Придя в свою комнату, он прилег на кровать и взял книгу. Но читать не хотелось; он положил книгу на стол и задумался. Его немного взволновал последний разговор с матерью.
«Что она какая сердитая, – думал Александр. – Да, впрочем, она была всегда такая. Я и здесь не найду счастья и покоя; и здесь мне придется бороться с вековыми предрассудками и плыть против течения. Впрочем, мне всю жизнь приходилось жить так, а не иначе». Тут воспоминания детства и юности промелькнули перед Александром. Образы один за другим рисовались в его воображении. Он видел отца и мать, какими помнил их в детстве; потом учителей Заиконоспасской школы и профессоров чужеземных школ. Вспомнил он свое катанье по Волге со стариком-дядькой; вдруг воображение обрисовало перед ним хорошенькое личико с белокурыми волосами, явившееся перед ним на берегу Волги несколько часов тому назад. Потом воображение явило другую красивую головку, с длинными, темно-русыми волосами, с черными, полными огня глазами и с прекрасным чисто южным типом лица. Вспомнил Александр Украину, город на берегу большой реки, польского пана, живущего в этом городе с шестнадцатилетней дочерью красавицей. Вот он в первый раз встретился с панной; он загляделся на нее. Она не потупила перед ним очей, как делают русские боярышни, а прямо, бойко и гордо смотрела на него. От первого ее взгляда сильно стукнуло сердце, заиграла кровь. Он, кажется, не спал всю ночь. А потом? Потом он постарался познакомиться с паном, проникнуть к нему в дом…

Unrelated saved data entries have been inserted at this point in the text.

(* For all integers $n,r,\lambda\ge1$, $l\ge0$, and every $\mathbf{p}=(p_1,p_2,p_3,p_4)$ with $p_i\in(0,1)$, $\sum_ip_i=1$, write $a=\lfloor p_1n\rfloor$, $u=\lfloor p_2n\rfloor$, $c=\lfloor p_3n\rfloor$, $g=n-a-u-c$, and let \[ \bar l_0=\min\big(\min(a,u)+g,\ \min(c,g)+u\big). \] Then $\bar{s}_{\mathbf{p},\lambda}^{[r]}(n,l)= s_\lambda^{[r]}(n,l)$ if $l\le\bar l_0$ and $\bar{s}_{\mathbf{p},\lambda}^{[r]}(n,l)=0$ otherwise; consequently $\bar{s}_{\mathbf{p},\lambda}^{[r]}(n)= \sum_{l=0}^{\bar l_0} s_\lambda^{[r]}(n,l)$.
   Context: A diagram on $n$ vertices is a graph on $\{1,\dots,n\}$ whose edges (arcs) are pairs $(i,j)$, $i<j$, of length $j-i$. For $\lambda\ge1$, an RNA secondary structure of length $n$ with minimum arc-length $\lambda$ is a diagram with every arc of length $\ge\lambda$, no two arcs sharing an endpoint, and no two arcs $(i_1,j_1),(i_2,j_2)$ with $i_1<i_2<j_1<j_2$. A stack of length $t$ is a maximal sequence of arcs $((i,j),(i+1,j-1),\ldots,(i+t-1,j-t+1))$; the structure is $r$-canonical if all stacks have length $\ge r$. $s_{\lambda}^{[r]}(n,l)$ counts such structures of length $n$ with $l$ arcs. Sequences are over $\{\mathbf{A},\mathbf{U},\mathbf{C},\mathbf{G}\}$ with allowed base pairs $\{\mathbf A,\mathbf U\}$, $\{\mathbf C,\mathbf G\}$ (Watson–Crick) and $\{\mathbf U,\mathbf G\}$ (wobble), each in either order; a sequence $x_1\cdots x_n$ is compatible with $S$ if $(x_i,x_j)$ is allowed for every arc $(i,j)$. $\bar{s}_{\mathbf{p},\lambda}^{[r]}(n,l)$ (resp. $\bar{s}_{\mathbf{p},\lambda}^{[r]}(n)$) is the number of $r$-canonical secondary structures of length $n$ with minimum arc-length $\lambda$ having $l$ arcs (resp. any number of arcs) that admit a compatible sequence with exactly $a$ letters $\mathbf A$, $u$ letters $\mathbf U$, $c$ letters $\mathbf C$ and $g$ letters $\mathbf G$. *)

theory Defs
  imports Complex_Main
begin

definition is_diagram :: "nat \<Rightarrow> (nat \<times> nat) set \<Rightarrow> bool" where
  "is_diagram n S \<longleftrightarrow> (\<forall>(i,j)\<in>S. 1 \<le> i \<and> i < j \<and> j \<le> n)"

definition sec_struct :: "nat \<Rightarrow> nat \<Rightarrow> (nat \<times> nat) set \<Rightarrow> bool" where
  "sec_struct n lam S \<longleftrightarrow> is_diagram n S
     \<and> (\<forall>(i,j)\<in>S. j - i \<ge> lam)
     \<and> (\<forall>(i1,j1)\<in>S. \<forall>(i2,j2)\<in>S. (i1,j1) \<noteq> (i2,j2) \<longrightarrow>
           i1 \<noteq> i2 \<and> i1 \<noteq> j2 \<and> j1 \<noteq> i2 \<and> j1 \<noteq> j2)
     \<and> (\<forall>(i1,j1)\<in>S. \<forall>(i2,j2)\<in>S. \<not> (i1 < i2 \<and> i2 < j1 \<and> j1 < j2))"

Любовь – великое слово; дар небес. Не все были любимы, да и не все так любили, как любил он. Вспомнил Александр то мгновение, когда он впервые сказал ей роковое слово, слово «люблю». Оно вырвалось у него прямо из сердца. Без слов, опустив свою чудную головку, слушала она его пылкие уверения; ее рука дрожала в его руке. Как она восхитительно хороша была в эту минуту! Все бы на свете отдал он, чтобы только эта минута повторилась. Пану нужно было ехать в другой город. Как они прощались, обещая навсегда принадлежать друг другу! Он не мог перенести долгой разлуки, послал своего верного Ивана к ней с письмом. Письмо дышало нежностью и любовью; он ждал от нее того же; но письмо ее было не таково: «Прощайте, позабудьте меня!» И причины разрыва, кажется, были написаны; но что в них: она не любит его больше. Слова: «Прощайте, позабудьте меня», – звучали в его ушах и болезненно отзывались в сердце, терзая его невыносимо. В пылу отчаяния он хотел умереть, но напрасно искал смерти. Несколько раз мысль о самоубийстве приходила ему в голову, но религия удержала его. Говорят, самоубийство – страшный грех.
Но вот в Москве он получает весть о том, что она выходит замуж за другого. Этого не мог он перенести и заболел очень опасно. Молодость взяла свое, он остался жив, но жил не на радость себе. Он еще раз был на Украине, видел много красавиц, но ни одна из них не затронула его сердце. Вот уже скоро три года, как он в последний раз виделся с нею, и, странное дело, во все эти три года он не обращал никакого внимания на женщин. «Все кончено», – думал он.
Но сегодня в первый раз заметил хорошенькую девушку. Неужели он полюбит или полюбил ее, как любил ту… Белокурая головка очень хороша. Да, она действительно хороша, но, к несчастью, она холопка, с нею счастие невозможно.
– Александр, ты что нейдешь к нам, а еще обещался сидеть у нас в светелке, – сказала Ольга, входя в комнату брата.
– Сейчас приду к вам, а теперь посиди у меня, – отвечал Александр.